CI link: https://jenkins.scylladb.com/view/master/job/scylla-master/job/longevity/job/longevity-large-partition-asymmetric-cluster-3h/40

Couple more hits:
4.6.dev-0.20210922.bae9c042c2 with build-id 9c8634cb7c1451d444f62e0547f55bc794a2f3f7
CI link: https://jenkins.scylladb.com/view/master/job/scylla-master/job/longevity/job/longevity-large-partition-asymmetric-cluster-3h/33/

4.6.dev-0.20210922.bae9c042c2 with build-id 9c8634cb7c1451d444f62e0547f55bc794a2f3f7
CI link: https://jenkins.scylladb.com/view/master/job/scylla-master/job/longevity/job/longevity-large-partition-asymmetric-cluster-3h/32

So, build from the September 22 2021 already had this problem and there are no older builds in Jenkins to be checked.

@soyacz
Copy link
Contributor

soyacz commented Dec 17, 2021

Happened again. Test details
Test: longevity_large_partition_test.LargePartitionLongevityTest.test_large_partition_longevity
Build number: 52
Backend: aws: eu-west-1
Kernel version: 5.11.0-1022-aws
Test-id: 8cc236e7-a1ba-4ff5-b386-feabff9ff8ea
Scylla version: 4.7.dev-0.20211215.3ac622bdd with build-id c19c7740f10f82f554c1b67da69f82fc48f9386f (ami-0d8ea5e3e5d4fbb40)
Instance type: i3.2xlarge
Number of scylladb nodes: 5

Logs:
db-cluster - https://cloudius-jenkins-test.s3.amazonaws.com/8cc236e7-a1ba-4ff5-b386-feabff9ff8ea/20211216_120543/db-cluster-8cc236e7.tar.gz
loader-set - https://cloudius-jenkins-test.s3.amazonaws.com/8cc236e7-a1ba-4ff5-b386-feabff9ff8ea/20211216_120543/loader-set-8cc236e7.tar.gz
monitor-set - https://cloudius-jenkins-test.s3.amazonaws.com/8cc236e7-a1ba-4ff5-b386-feabff9ff8ea/20211216_120543/monitor-set-8cc236e7.tar.gz
sct-runner - https://cloudius-jenkins-test.s3.amazonaws.com/8cc236e7-a1ba-4ff5-b386-feabff9ff8ea/20211216_120543/sct-runner-8cc236e7.tar.gz

@roydahan roydahan added master/high and removed triage/master Looking for assignee labels Dec 19, 2021
@denesb denesb self-assigned this Dec 20, 2021
@denesb
Copy link
Contributor

denesb commented Dec 21, 2021

The problem is that in the case of non-local reads each repair has to obtain 2 permits on the shard where the repair-meta lives:

  • One in either insert_repair_meta() or run();
  • One for the shard reader;

If the semaphore is contested, the repair metas can block their own shard readers from being admitted.

@slivne
Copy link
Contributor

slivne commented Dec 21, 2021

So what can we do ?

@denesb
Copy link
Contributor

denesb commented Dec 21, 2021

I'll cook a patch which ensures only a single blocking admission happens on each shard.

@asias
Copy link
Contributor

asias commented Dec 30, 2021

I'll cook a patch which ensures only a single blocking admission happens on each shard.

Thanks.

BTW, if you send a PR instead of email patches, with one click people can find the relevant patches. Now, I have to search emails to find them. I do not know the subjects of the patches, so I have to search all the emails from you.

@denesb
Copy link
Contributor

denesb commented Jan 4, 2022

BTW, if you send a PR instead of email patches, with one click people can find the relevant patches. Now, I have to search emails to find them. I do not know the subjects of the patches, so I have to search all the emails from you.

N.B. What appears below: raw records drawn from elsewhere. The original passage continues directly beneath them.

lemma summable_theta_majorant:
  fixes s \<rho> :: real
  assumes "0 \<le> s" "s < 1" "0 \<le> \<rho>"
  shows "summable (\<lambda>j. s ^ (j * (j + 1)) * \<rho> ^ j)"
proof (rule summable_comparison_test_ev)
  have "(\<lambda>j. s * \<rho> * s ^ j) \<longlonglongrightarrow> 0"
    using assms tendsto_mult[OF tendsto_const LIMSEQ_power_zero[of s]] by simp
  then have "\<forall>\<^sub>F j in sequentially. s * \<rho> * s ^ j < 1/2"
    by (rule order_tendstoD) simp
  then have "\<forall>\<^sub>F j in sequentially. s ^ (j + 1) * \<rho> \<le> 1/2"
    by (rule eventually_mono) (simp add: algebra_simps)
  then show "\<forall>\<^sub>F j in sequentially. norm (s ^ (j * (j + 1)) * \<rho> ^ j) \<le> (1/2) ^ j"
  proof (rule eventually_mono)
    fix j assume "s ^ (j + 1) * \<rho> \<le> 1/2"
    then have "(s ^ (j + 1) * \<rho>) ^ j \<le> (1/2) ^ j" using assms by (intro power_mono) auto
    moreover have "s ^ (j * (j + 1)) * \<rho> ^ j = (s ^ (j + 1) * \<rho>) ^ j"
      by (simp add: power_mult_distrib power_add flip: power_mult[of s j, unfolded mult.commute[of j]])
    ultimately show "norm (s ^ (j * (j + 1)) * \<rho> ^ j) \<le> (1/2) ^ j" using assms by simp
  qed
qed simp

lemma summable_norm_partial_theta_terms:
  "norm q < 1 \<Longrightarrow> summable (\<lambda>j. norm (partial_theta_coeff q j * z ^ j))"
  unfolding norm_partial_theta_term by (intro summable_theta_majorant) auto

lemma partial_theta_has_field_derivative:
  assumes "norm q < 1"
  shows "(partial_theta q has_field_derivative (\<Sum>j. diffs (partial_theta_coeff q) j * z ^ j)) (at z)"
  unfolding partial_theta_eq_power_series
  using summable_norm_cancel[OF summable_norm_partial_theta_terms[OF assms]]
  by (rule termdiffs_strong_converges_everywhere)

lemma holomorphic_on_partial_theta: "norm q < 1 \<Longrightarrow> partial_theta q holomorphic_on S"
  using partial_theta_has_field_derivative
  by (auto simp: holomorphic_on_def field_differentiable_def intro: has_field_derivative_at_within)

lemma partial_theta_at_0 [simp]: "partial_theta q 0 = 1"
  by (simp add: partial_theta_eq_power_series partial_theta_coeff_def)

lemma partial_theta_not_constant:
  assumes "norm q < 1" "q \<noteq> 0"
  shows "\<not> partial_theta q constant_on UNIV"
proof
  assume "partial_theta q constant_on UNIV"
  then have "(partial_theta q has_field_derivative 0) (at 0)"
    by (auto simp: constant_on_def fun_eq_iff[symmetric])
  moreover have "(partial_theta q has_field_derivative q) (at 0)"
    using partial_theta_has_field_derivative[OF assms(1), of 0]
    by (simp add: diffs_def partial_theta_coeff_def)
  ultimately show False using assms(2) DERIV_unique by blast
qed

lemma finite_partial_theta_zeros_in_disc:
  assumes "0 < norm q" "norm q < 1"
  shows "finite {p. partial_theta q p = 0 \<and> norm p < r}"
proof -
  have "finite {p \<in> cball 0 r. partial_theta q p = 0}"
    using assms by (intro holomorphic_compact_finite_zeros[OF holomorphic_on_partial_theta
        open_UNIV connected_UNIV compact_cball subset_UNIV] partial_theta_not_constant) auto
  then show ?thesis by (rule finite_subset[rotated]) auto
qed

lemma power_exponent_shift:
  fixes s t :: real
  assumes "s * t = 1" and "j = k + d \<or> k = j + d"
  shows "s ^ (j * (j + 1)) * t ^ ((2 * k + 1) * j) = s ^ (k * (k + 1)) * t ^ ((2 * k + 1) * k) * s ^ d\<^sup>2"
proof -
  let ?a = "j * (j + 1)" and ?b = "k * (k + 1) + d\<^sup>2"
  let ?c = "(2 * k + 1) * j" and ?e = "(2 * k + 1) * k"
  have exponents: "?a + ?e = ?b + ?c"
    using assms(2) by (auto simp: algebra_simps power2_eq_square)
  have "s ^ ?a * t ^ ?c * (s * t) ^ ?e = s ^ (?a + ?e) * t ^ (?c + ?e)"
    by (simp add: power_add power_mult_distrib)
  also have "\<dots> = s ^ (?b + ?c) * t ^ (?c + ?e)" by (simp only: exponents)
  also have "\<dots> = s ^ ?b * t ^ ?e * (s * t) ^ ?c" by (simp add: power_add power_mult_distrib)
  finally show ?thesis using assms(1) by (simp add: power_add)
qed

lemma theta_majorant_sum_less:
  fixes s :: real and k :: nat
  assumes "0 < s" "s < 1"
  defines "u \<equiv> \<lambda>j. s ^ (j * (j + 1)) * (1 / s) ^ ((2 * k + 1) * j)"
  shows "suminf u < u k * (1 + 2 * square_power_series s)"
proof -
  have "u = (\<lambda>j. s ^ (j * (j + 1)) * ((1 / s) ^ (2 * k + 1)) ^ j)"
    by (simp only: u_def power_mult)
  then have summable_u: "summable u"
    using summable_theta_majorant[of s "(1 / s) ^ (2 * k + 1)"] assms by simp
  have "s * (1 / s) = 1" using assms by simp
  then have u_shift: "u j = u k * s ^ d\<^sup>2" if "j = k + d \<or> k = j + d" for j d
    unfolding u_def using that by (rule power_exponent_shift)
  have summable_squares: "summable (\<lambda>m. s ^ m\<^sup>2)"
    using summable_square_powers[of s] assms by (subst summable_Suc_iff[symmetric]) simp
  have "(\<Sum>m. u (m + k)) = (\<Sum>m. u k * s ^ m\<^sup>2)"
    by (intro arg_cong[where f = suminf] ext u_shift) simp
  also have "\<dots> = u k * (\<Sum>m. s ^ m\<^sup>2)" by (rule suminf_mult[OF summable_squares])
  also have "(\<Sum>m. s ^ m\<^sup>2) = 1 + square_power_series s"
    using suminf_split_head[OF summable_squares] by (simp add: square_power_series_def)
  finally have tail: "(\<Sum>m. u (m + k)) = u k * (1 + square_power_series s)" .
  have "(\<Sum>j<k. u j) = (\<Sum>j<k. u k * s ^ (k - j)\<^sup>2)"
    by (intro sum.cong refl u_shift) auto
  also have "\<dots> = u k * (\<Sum>\<nu><k. s ^ (\<nu> + 1)\<^sup>2)"
    by (subst sum.nat_diff_reindex[symmetric]) (simp add: sum_distrib_left Suc_diff_Suc)
  finally have head: "(\<Sum>j<k. u j) = u k * (\<Sum>\<nu><k. s ^ (\<nu> + 1)\<^sup>2)" .
  have "(\<Sum>\<nu><k. s ^ (\<nu> + 1)\<^sup>2) < square_power_series s"
    unfolding square_power_series_def using assms by (intro sum_less_suminf summable_square_powers) auto
  moreover have "0 < u k" using assms by (simp add: u_def)
  moreover have "suminf u = (\<Sum>m. u (m + k)) + (\<Sum>j<k. u j)"
    by (rule suminf_split_initial_segment[OF summable_u])
  ultimately show ?thesis unfolding tail head by (simp add: algebra_simps)
qed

I know, this is one of the good things PRs have going for them. They didn't work out for me for other reasons. I could have still posted the name of the patch, sorry for that.

@juliayakovlev
Copy link

Reproduced with 4.7.dev-0.20211230

Installation details
Kernel version: 5.11.0-1022-aws
Scylla version (or git commit hash): 4.7.dev-0.20211230.12fa68fe6 with build-id 938d162cf1be1483853bf5b5417f5daf11e5ac24
Cluster size: 5 nodes (i3.2xlarge)
OS (RHEL/CentOS/Ubuntu/AWS AMI): ami-0668e251eb4f0f394 (aws: eu-west-1)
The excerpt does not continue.